Spark Summit 2014 brought the Apache Spark community together on June 30- July 2, 2014 at the The Westin St. Francis in San Francisco. It featured production users of Spark, Shark, Spark Streaming and related projects.
ADAM is a high-performance distributed processing pipeline and API for DNA sequencing data. To allow computation to scale on clusters with more than a hundred nodes, ADAM uses Apache Spark as a computational engine and stores data using Apache Avro and the open-source Parquet columnar store. This scalability allows us to perform complex, computationally heavy tasks such as base quality score recalibration (BQSR), or duplicate marking on high coverage human genomes (> 60%, 236GB) in under a half hour. In tests on the Amazon Elastic Compute platform, we achieve a 50% speedup over current processing pipelines, and a lower processing cost.

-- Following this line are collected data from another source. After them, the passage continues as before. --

lemma pochhammer_reflected_tail:
  fixes \<delta> :: "'a::comm_ring_1"
  assumes "i \<le> N"
  shows "pochhammer \<delta> i * pochhammer (1 - \<delta> - of_nat N) (N - i) = (-1) ^ N * (-1) ^ i * pochhammer \<delta> N"
proof -
  have "pochhammer (1 - \<delta> - of_nat N) (N - i) = (-1) ^ (N - i) * pochhammer (\<delta> + of_nat i) (N - i)"
    using pochhammer_minus[of "\<delta> + of_nat N - 1" "N - i"] assms by (simp add: of_nat_diff algebra_simps)
  moreover have "(-1) ^ (N - i) = ((-1) ^ N * (-1) ^ i :: 'a)"
    using assms by (metis (no_types) le_add_diff_inverse2 mult.assoc mult.right_neutral power_add
        power_minus1_even mult_2)
  ultimately show ?thesis
    using pochhammer_product[OF assms, of \<delta>] by (simp add: mult_ac)
qed

lemma pochhammer_Saalschuetz_alternating:
  fixes a b c :: "'a::field_char_0"
  assumes "pochhammer (1 + a - b) N \<noteq> 0" and "pochhammer (1 + a - c) N \<noteq> 0"
  shows "(\<Sum>i\<le>N. (-1) ^ i * pochhammer a (N + i) * pochhammer (1 + a - b - c) i
            / (fact i * fact (N - i) * pochhammer (1 + a - b) i * pochhammer (1 + a - c) i))
       = pochhammer a N * pochhammer b N * pochhammer c N
            / (fact N * pochhammer (1 + a - b) N * pochhammer (1 + a - c) N)"
proof -
  let ?P = pochhammer
  define \<gamma> where "\<gamma> = 1 + a - b"
  define \<delta> where "\<delta> = 1 + a - c"
  define e where "e = 1 + a - b - c"
  define L where "L i = (-1) ^ i * ?P a (N + i) * ?P e i / (fact i * fact (N - i) * ?P \<gamma> i * ?P \<delta> i)" for i
  define K where "K = fact N * (-1) ^ N * ?P \<gamma> N * ?P \<delta> N"
  have summand: "?P a N * (of_nat (N choose i) * ?P (a + of_nat N) i * ?P e i * ?P (c - a - of_nat N) (N - i)
           * ?P ((a + of_nat N) + e + (c - a - of_nat N) + of_nat i) (N - i)) = K * L i" if i: "i \<le> N" for i
  proof -
    have \<gamma>i: "?P \<gamma> i \<noteq> 0" and \<delta>i: "?P \<delta> i \<noteq> 0"
      using assms i pochhammer_neq_0_mono unfolding \<gamma>_def \<delta>_def by blast+
    have \<gamma>N: "?P \<gamma> N = ?P \<gamma> i * ?P (\<gamma> + of_nat i) (N - i)"
      using pochhammer_product[OF i] by blast
    have \<delta>i_shift: "?P \<delta> i * ?P (c - (a + of_nat N)) (N - i) = ?P \<delta> N * ((-1) ^ N * (-1) ^ i)"
      using pochhammer_reflected_tail[OF i, of \<delta>] by (simp add: \<delta>_def algebra_simps)
    have "(a + of_nat N) + e + (c - a - of_nat N) + of_nat i = \<gamma> + of_nat i"
      by (simp add: e_def \<gamma>_def)
    then show ?thesis
      unfolding L_def K_def using i \<gamma>i \<delta>i \<gamma>N \<delta>i_shift
      by (simp add: binomial_fact pochhammer_product' field_simps)
  qed
  have "?P a N * (?P c N * ?P (e + (c - a - of_nat N)) N)
      = ?P a N * (\<Sum>i\<le>N. of_nat (N choose i) * ?P (a + of_nat N) i * ?P e i * ?P (c - a - of_nat N) (N - i)
           * ?P ((a + of_nat N) + e + (c - a - of_nat N) + of_nat i) (N - i))"
    using pochhammer_Saalschuetz[of N "a + of_nat N" e "c - a - of_nat N"] by simp
  also have "\<dots> = K * (\<Sum>i\<le>N. L i)"
    unfolding sum_distrib_left by (intro sum.cong refl) (use summand in auto)
  finally have "?P a N * (?P c N * ?P (e + (c - a - of_nat N)) N) = K * (\<Sum>i\<le>N. L i)" .
  moreover have "?P (e + (c - a - of_nat N)) N = (-1) ^ N * ?P b N"
    using pochhammer_minus[of "b + of_nat N - 1" N] by (simp add: e_def algebra_simps)
  moreover have "K \<noteq> 0"
    using assms by (simp add: K_def \<gamma>_def \<delta>_def)
  ultimately show ?thesis
    unfolding L_def K_def \<gamma>_def \<delta>_def e_def by (simp add: field_simps)
qed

To achieve scalability in a distributed setting, we rephrased conventional sequential DNA processing algorithms as data-parallel algorithms. In this talk, we’ll discuss the general principles we used for making these algorithms scalable while achieving full concordance with the equivalent serial algorithms. Additionally, by adapting genomic analysis to a commodity distributed analytics platform like Apache Spark, it is easier to perform ad hoc analysis and machine learning on genomic data. We will discuss how this impacts the clinical use of DNA analysis pipelines, as well as population genomics.
Frank Austin Nothaft is a graduate student in the AMP and ASPIRE labs at UC-Berkeley, and is advised by Prof. David Patterson. His current focus is on high performance computer systems for bioinformatics, and is involved in the ADAM, avocado, and FireBox projects. Prior to Berkeley, Frank worked at Broadcom in Irvine, CA on high performance electronic design automation. Frank has a Bachelors of Science with Honors in Electrical Engineering from Stanford University.